Postby Iamwhomiam » Wed Apr 01, 2015 12:53 pm

Yeah, that was pretty scathing. While I was reading it I was reminded of Screw Magazine's centerfold of Nixon's cabinet, all wallowing about in the Oval Office in the same stuff. Surely, the most obscene and scandalous rag I've ever read.

You posting was beautiful, Elvis and thank you for sharing it along with your memories and memorable photos. Memories of what was is what's influenced who we've become and tears for what's become of those places that formed our fond memories. But otherwise, yesterday's life-sustaining rain nourishes no crop today.

"The heart of America never lived in New York or Los Angeles or Washington, D.C. or even Indianapolis; it lived in that farmhouse. In Indiana."

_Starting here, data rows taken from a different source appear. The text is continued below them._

lemma Psi_deriv_mult_le:
  assumes "\<phi> \<in> Psi \<tau>" "s \<in> {0<..<\<tau>}" "t \<in> {0..\<tau>}"
  shows "deriv \<phi> s * (s - t) \<le> \<phi> s - \<phi> t"
proof -
  have "convex_on {0..\<tau>} (\<lambda>x. - \<phi> x)"
    using assms(1) unfolding Psi_def concave_on_def by blast
  moreover have "\<phi> differentiable (at s)"
    using assms(1,2) unfolding Psi_def by blast
  then have "(\<phi> has_real_derivative deriv \<phi> s) (at s)"
    by (simp add: DERIV_deriv_iff_real_differentiable)
  then have "((\<lambda>x. - \<phi> x) has_real_derivative - deriv \<phi> s) (at s within {0..\<tau>})"
    by (rule DERIV_minus[OF has_field_derivative_at_within])
  moreover have "s \<in> interior {0..\<tau>}"
    using assms(2) by simp
  ultimately have "- deriv \<phi> s * (t - s) \<le> - \<phi> t - - \<phi> s"
    using convex_on_imp_above_tangent[OF _ connected_Icc _ assms(3)] by blast
  then show ?thesis
    by (simp add: algebra_simps)
qed

lemma two_mult_le_add_of_square_le:
  fixes u v w :: real
  assumes "w\<^sup>2 \<le> u * v" "0 \<le> v" "0 \<le> u" "0 \<le> w"
  shows "2 * w \<le> u + v"
proof (rule power2_le_imp_le)
  have "(2 * w)\<^sup>2 \<le> 4 * (u * v)"
    using assms(1) by simp
  also have "\<dots> \<le> (u + v)\<^sup>2"
    using sum_squares_ge_zero[of "u - v" 0] by (simp add: power2_eq_square algebra_simps)
  finally show "(2 * w)\<^sup>2 \<le> (u + v)\<^sup>2" .
qed (use assms in simp)
(* Let $q$ be a prime power and $T\in\mathbb F_q[X,Y,Z]$ a reduced polynomial. Suppose either (1) $T$ satisfies Property (a): $T(a,0,z)=T(0,b,z)=z$ for all $a,b,z\in\mathbb F_q$, together with at least one of Property (c): for all $a,b,c,d\in\mathbb F_q$ with $a\neq c$ there is a unique $x$ with $T(x,a,b)=T(x,c,d)$; or Property (e): for all $a,b,c,d\in\mathbb F_q$ with $a\neq c$ there is a unique pair $(y,z)$ with $T(a,y,z)=b$ and $T(c,y,z)=d$; or (2) $T$ satisfies Property (d): for all $a,b,c\in\mathbb F_q$ there is a unique $z$ with $T(a,b,z)=c$. Then $T(X,Y,Z)$ is a permutation polynomial over $\mathbb F_q$, i.e. for every $d\in\mathbb F_q$ the equation $T(x,y,z)=d$ has exactly $q^2$ solutions $(x,y,z)\in\mathbb F_q^3$.
   Context: A polynomial is reduced if its degree in each variable is less than $q$. *)

theory Defs
  imports "HOL-Library.Cardinality"
begin

text \<open>The finite field F_q is modelled as a type 'a of class finite and field;
q = CARD('a) (automatically a prime power). A reduced polynomial in
F_q[X,Y,Z] is given by its coefficient array c i j k with 0 \<le> i,j,k < q
(coefficients at other indices are irrelevant/ignored); it is evaluated as below.\<close>

definition red_eval :: "(nat \<Rightarrow> nat \<Rightarrow> nat \<Rightarrow> 'a::{finite,field}) \<Rightarrow> 'a \<Rightarrow> 'a \<Rightarrow> 'a \<Rightarrow> 'a" where
  "red_eval c (x::'a) y z =
     (\<Sum>i<CARD('a). \<Sum>j<CARD('a). \<Sum>k<CARD('a). c i j k * x ^ i * y ^ j * z ^ k)"

definition propA :: "('a::zero \<Rightarrow> 'a \<Rightarrow> 'a \<Rightarrow> 'a) \<Rightarrow> bool" where
  "propA T \<longleftrightarrow> (\<forall>a b z. T a 0 z = z \<and> T 0 b z = z)"

definition propC :: "('a \<Rightarrow> 'a \<Rightarrow> 'a \<Rightarrow> 'a) \<Rightarrow> bool" where
  "propC T \<longleftrightarrow> (\<forall>a b c d. a \<noteq> c \<longrightarrow> (\<exists>!x. T x a b = T x c d))"

definition propD :: "('a \<Rightarrow> 'a \<Rightarrow> 'a \<Rightarrow> 'a) \<Rightarrow> bool" where
  "propD T \<longleftrightarrow> (\<forall>a b c. \<exists>!z. T a b z = c)"

definition propE :: "('a \<Rightarrow> 'a \<Rightarrow> 'a \<Rightarrow> 'a) \<Rightarrow> bool" where
  "propE T \<longleftrightarrow> (\<forall>a b c d. a \<noteq> c \<longrightarrow>
      (\<exists>!p. T a (fst p) (snd p) = b \<and> T c (fst p) (snd p) = d))"

definition is_perm_poly3 :: "('a::finite \<Rightarrow> 'a \<Rightarrow> 'a \<Rightarrow> 'a) \<Rightarrow> bool" where
  "is_perm_poly3 (T::'a \<Rightarrow> 'a \<Rightarrow> 'a \<Rightarrow> 'a) \<longleftrightarrow>
     (\<forall>d. card {(x, y, z). T x y z = d} = CARD('a) ^ 2)"

end

theory Submission
  imports Defs
begin

text \<open>Only the combinatorics of the evaluation map matters, not that it is a polynomial.
Under (d) the projection (x, y, z) \<mapsto> (x, y) is a bijection from a level set onto
F_q \<times> F_q. Under (a) and (c), a level set T = e consists of the q points (x, 0, e)
together with, for each of the (q - 1) q pairs (y, z) with y \<noteq> 0, exactly one point
(x, y, z), because (c) applied to (0, e) and (y, z) together with T x 0 e = e says that
T x y z = e has a unique solution x. Property (e) gives the same picture with the
roles of x and y exchanged.\<close>

lemma card_eq_if_unique_preimage:
  assumes "f ` S \<subseteq> B" and "\<And>p. p \<in> B \<Longrightarrow> \<exists>!s. s \<in> S \<and> f s = p"
  shows "card S = card B"
proof (rule bij_betw_same_card)
  have "inj_on f S"
    by (rule inj_onI) (use assms in blast)
  moreover have "B \<subseteq> f ` S"
    using assms(2) by blast
  ultimately show "bij_betw f S B"
    using assms(1) by (simp add: bij_betw_def)
qed

lemma card_level_set_swap:
  fixes T :: "'a \<Rightarrow> 'a \<Rightarrow> 'b \<Rightarrow> 'c"
  shows "card {(x, y, z). T x y z = e} = card {(x, y, z). T y x z = e}"
proof -
  have "{(x, y, z). T x y z = e} = (\<lambda>(x, y, z). (y, x, z)) ` {(x, y, z). T y x z = e}"
    by (auto simp: image_iff)
  moreover have "inj (\<lambda>(x::'a, y::'a, z::'b). (y, x, z))"
    by (auto simp: inj_def)
  ultimately show ?thesis
    by (simp add: card_image inj_on_subset)
qed

lemma card_level_set_if_unique_last:
  fixes T :: "'a::finite \<Rightarrow> 'a \<Rightarrow> 'a \<Rightarrow> 'a"
  assumes "\<And>x y. \<exists>!z. T x y z = e"
  shows "card {(x, y, z). T x y z = e} = CARD('a) ^ 2"
proof -
  have "card {(x, y, z). T x y z = e} = card (UNIV :: ('a \<times> 'a) set)"
    by (rule card_eq_if_unique_preimage[where f = "\<lambda>(x, y, z). (x, y)"])
       (use assms in \<open>fastforce+\<close>)
  then show ?thesis
    by (simp add: power2_eq_square flip: UNIV_Times_UNIV)
qed

lemma card_level_set_if_unique_first_off_axis:
  fixes T :: "'a::{finite,zero} \<Rightarrow> 'a \<Rightarrow> 'a \<Rightarrow> 'a"
  assumes axis: "\<And>x z. T x 0 z = z"
    and unique: "\<And>y z. y \<noteq> 0 \<Longrightarrow> \<exists>!x. T x y z = e"
  shows "card {(x, y, z). T x y z = e} = CARD('a) ^ 2"
proof -
  let ?on_axis = "{(x, y, z). y = 0 \<and> z = e} :: ('a \<times> 'a \<times> 'a) set"
  let ?off_axis = "{(x, y, z). y \<noteq> 0 \<and> T x y z = e}"
  have split: "{(x, y, z). T x y z = e} = ?on_axis \<union> ?off_axis"
    using axis by auto
  have "?on_axis = range (\<lambda>x. (x, 0, e))"
    by auto
  then have card_on: "card ?on_axis = CARD('a)"
    by (simp add: card_image inj_def)
  have "card ?off_axis = card ((UNIV - {0 :: 'a}) \<times> (UNIV :: 'a set))"
    by (rule card_eq_if_unique_preimage[where f = "\<lambda>(x, y, z). (y, z)"])
       (use unique in \<open>fastforce+\<close>)
  then have card_off: "card ?off_axis = (CARD('a) - 1) * CARD('a)"
    by (simp add: card_cartesian_product)
  have "card {(x, y, z). T x y z = e} = CARD('a) + (CARD('a) - 1) * CARD('a)"
    unfolding split by (subst card_Un_disjoint) (auto simp: card_on card_off)
  also have "\<dots> = CARD('a) ^ 2"
    using finite_UNIV_card_ge_0[where 'a = 'a]
    by (cases "CARD('a)") (auto simp: power2_eq_square)
  finally show ?thesis .
qed

lemma propA_propC_unique_first:
  assumes "propA T" "propC T" "y \<noteq> 0"
  shows "\<exists>!x. T x y z = e"
proof -
  have "\<exists>!x. T x 0 e = T x y z"
    using assms(2,3) unfolding propC_def by metis
  moreover have "T x 0 e = e" for x
    using assms(1) by (simp add: propA_def)
  ultimately show ?thesis
    by metis
qed

lemma propA_propE_unique_second:
  assumes A: "propA T" and E: "propE T" and "x \<noteq> 0"
  shows "\<exists>!y. T x y z = e"
proof -
  have axis: "T 0 y z = z" for y z
    using A by (simp add: propA_def)
  have "\<exists>!p. T x (fst p) (snd p) = e \<and> T 0 (fst p) (snd p) = z"
    using E \<open>x \<noteq> 0\<close> unfolding propE_def by metis
  then have "\<exists>!p. T x (fst p) (snd p) = e \<and> snd p = z"
    by (simp add: axis)
  then show ?thesis
    by (metis fst_conv snd_conv)
qed

theorem corollary4p5:
  fixes c :: "nat \<Rightarrow> nat \<Rightarrow> nat \<Rightarrow> 'a::{finite,field}"
  assumes "(propA (red_eval c) \<and> (propC (red_eval c) \<or> propE (red_eval c)))
           \<or> propD (red_eval c)"
  shows "is_perm_poly3 (red_eval c)"
  unfolding is_perm_poly3_def
proof
  fix e
  let ?T = "red_eval c"
  consider "propA ?T" "propC ?T" | "propA ?T" "propE ?T" | "propD ?T"
    using assms by blast
  then show "card {(x, y, z). ?T x y z = e} = CARD('a) ^ 2"
  proof cases
    case 1
    then show ?thesis
      by (intro card_level_set_if_unique_first_off_axis propA_propC_unique_first)
         (auto simp: propA_def)
  next
    case 2
    then have "card {(x, y, z). ?T y x z = e} = CARD('a) ^ 2"
      by (intro card_level_set_if_unique_first_off_axis propA_propE_unique_second)
         (auto simp: propA_def)
    then show ?thesis
      by (simp add: card_level_set_swap[of ?T])
  next
    case 3
    then show ?thesis
      by (intro card_level_set_if_unique_last) (simp add: propD_def)
  qed
qed

end
lemma complete_square_in_x0:
  fixes H :: "'a::field mps"
  assumes two: "(2::'a) \<noteq> 0"
    and H0: "ydeg_part 0 H = mps_var 0 * mps_var 0"
    and H_supp: "mps_supp H \<subseteq> {m. ydeg m = 0 \<or> 3 \<le> mdeg m}"
  obtains a where "mps_supp a \<subseteq> {m. 1 \<le> ydeg m}"
    "mps_supp (H - (mps_var 0 + a) * (mps_var 0 + a)) \<subseteq> {m. 3 \<le> ydeg m}"
proof -
  let ?x = "mps_var 0 :: 'a mps"
  (* Chosen so that x_0^2 + 2 x_0 A1 + 2 x_0 A2 + A1^2 is the sum of the y-degree 0, 1, 2 parts of H. *)
  define A1 where "A1 = mps_smult (1 / 2) (mps_div_var 0 (ydeg_part 1 H))"
  define Q where "Q = ydeg_part 2 H - A1 * A1"
  define A2 where "A2 = mps_smult (1 / 2) (mps_div_var 0 Q)"
  have H1_supp: "mps_supp (ydeg_part 1 H) \<subseteq> {m. 2 \<le> Poly_Mapping.lookup m 0}"
    using H_supp by (auto simp: mps_supp_ydeg_part mdeg_eq_lookup0_plus_ydeg)
  have A1_supp: "mps_supp A1 \<subseteq> {m. 1 \<le> Poly_Mapping.lookup m 0 \<and> ydeg m = 1}"
    using order_trans[OF mps_supp_smult] H1_supp
    by (fastforce simp: A1_def mps_supp_div_var mps_supp_ydeg_part lookup_add)
  have x_A1: "?x * (A1 + A1) = ydeg_part 1 H"
    unfolding A1_def mps_half_add_half[OF two] using H1_supp by (intro mps_var_mult_div_var) auto
  have "mps_supp (A1 * A1) \<subseteq> {m. 1 \<le> Poly_Mapping.lookup m 0 \<and> ydeg m = 2}"
    by (rule mps_supp_mult_subset[OF A1_supp A1_supp]) (auto simp: lookup_add deg_on_add)
  moreover have "mps_supp (ydeg_part 2 H) \<subseteq> {m. 1 \<le> Poly_Mapping.lookup m 0 \<and> ydeg m = 2}"
    using H_supp by (auto simp: mps_supp_ydeg_part mdeg_eq_lookup0_plus_ydeg)
  ultimately have Q_supp: "mps_supp Q \<subseteq> {m. 1 \<le> Poly_Mapping.lookup m 0 \<and> ydeg m = 2}"
    unfolding Q_def using mps_supp_diff by blast
  have A2_supp: "mps_supp A2 \<subseteq> {m. ydeg m = 2}"
    using order_trans[OF mps_supp_smult] Q_supp by (fastforce simp: A2_def mps_supp_div_var)
  have x_A2: "?x * (A2 + A2) = Q"
    unfolding A2_def mps_half_add_half[OF two] using Q_supp by (intro mps_var_mult_div_var) auto
  define R where "R = (A1 + A1) * A2 + A2 * A2"
  have "mps_supp (A1 + A1) \<subseteq> {m. ydeg m = 1}"
    using A1_supp by (intro mps_supp_add_subset) auto
  then have "mps_supp ((A1 + A1) * A2) \<subseteq> {m. 3 \<le> ydeg m}"
    by (rule mps_supp_mult_subset[OF _ A2_supp]) (simp add: deg_on_add)
  moreover have "mps_supp (A2 * A2) \<subseteq> {m. 3 \<le> ydeg m}"
    by (rule mps_supp_mult_subset[OF A2_supp A2_supp]) (simp add: deg_on_add)
  ultimately have R_supp: "mps_supp R \<subseteq> {m. 3 \<le> ydeg m}"
    unfolding R_def by (rule mps_supp_add_subset)
  have "(?x + (A1 + A2)) * (?x + (A1 + A2)) = ?x * ?x + ?x * (A1 + A1) + ?x * (A2 + A2) + A1 * A1 + R"
    by (simp add: R_def algebra_simps)
  also have "\<dots> = (\<Sum>j<3. ydeg_part j H) + R"
    unfolding x_A1 x_A2 H0[symmetric] Q_def by (simp add: numeral_3_eq_3 numeral_2_eq_2 algebra_simps)
  finally have H_minus_sq: "H - (?x + (A1 + A2)) * (?x + (A1 + A2)) = (H - (\<Sum>j<3. ydeg_part j H)) - R"
    by simp
  have "mps_supp (H - (?x + (A1 + A2)) * (?x + (A1 + A2))) \<subseteq> {m. 3 \<le> ydeg m}"
    unfolding H_minus_sq by (rule mps_supp_diff_subset[OF mps_supp_diff_ydeg_parts R_supp])
  moreover have "mps_supp (A1 + A2) \<subseteq> {m. 1 \<le> ydeg m}"
    using A1_supp A2_supp by (intro mps_supp_add_subset) auto
  ultimately show thesis
    using that by blast
qed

I appreciate the sentiment, but a century ago there were still farms in NYC, farmed by hard workers like you've described. The house I grew up in was built in such a farmer's field, in fact upon the land once owned by Alan Zwieble's grandfather. Alan was a Little League teammate and a good friend and did we have fun telling jokes and keeping each and others amused. It was only a year or so ago I noticed his long involvement with SNL.

Even then, as a child, I longed for what once was but no longer is. My eyes have always seen what was. Perhaps that's why I'm obsessed with history. Treasure what you have, even if only fond memories, for they do give comfort. The Long Island I grew up in no longer exists and I have little desire to return - well, I would go back to surf Montauk, but sadly, that's not likely to happen.

I can't speak to LA , but DC was a swamp. And wherever there were farmers, there were hard workers. And all the trees were cut by hand, and stone fences built from rocks and stumps cleared from their fields with the aid of a mule or oxen.

As religious fanaticism seemingly takes hold of our world, let's try to remain rational.

One man's overreaching sarcasm should be understood as one's reaction to a situation they cannot control and their frustration in recognizing their own powerlessness to prevent the spread of fanatical religious discrimination. Of more concern to me is Walker's appeal to those who hold this mindset.

Just a reminder that things could get much worse.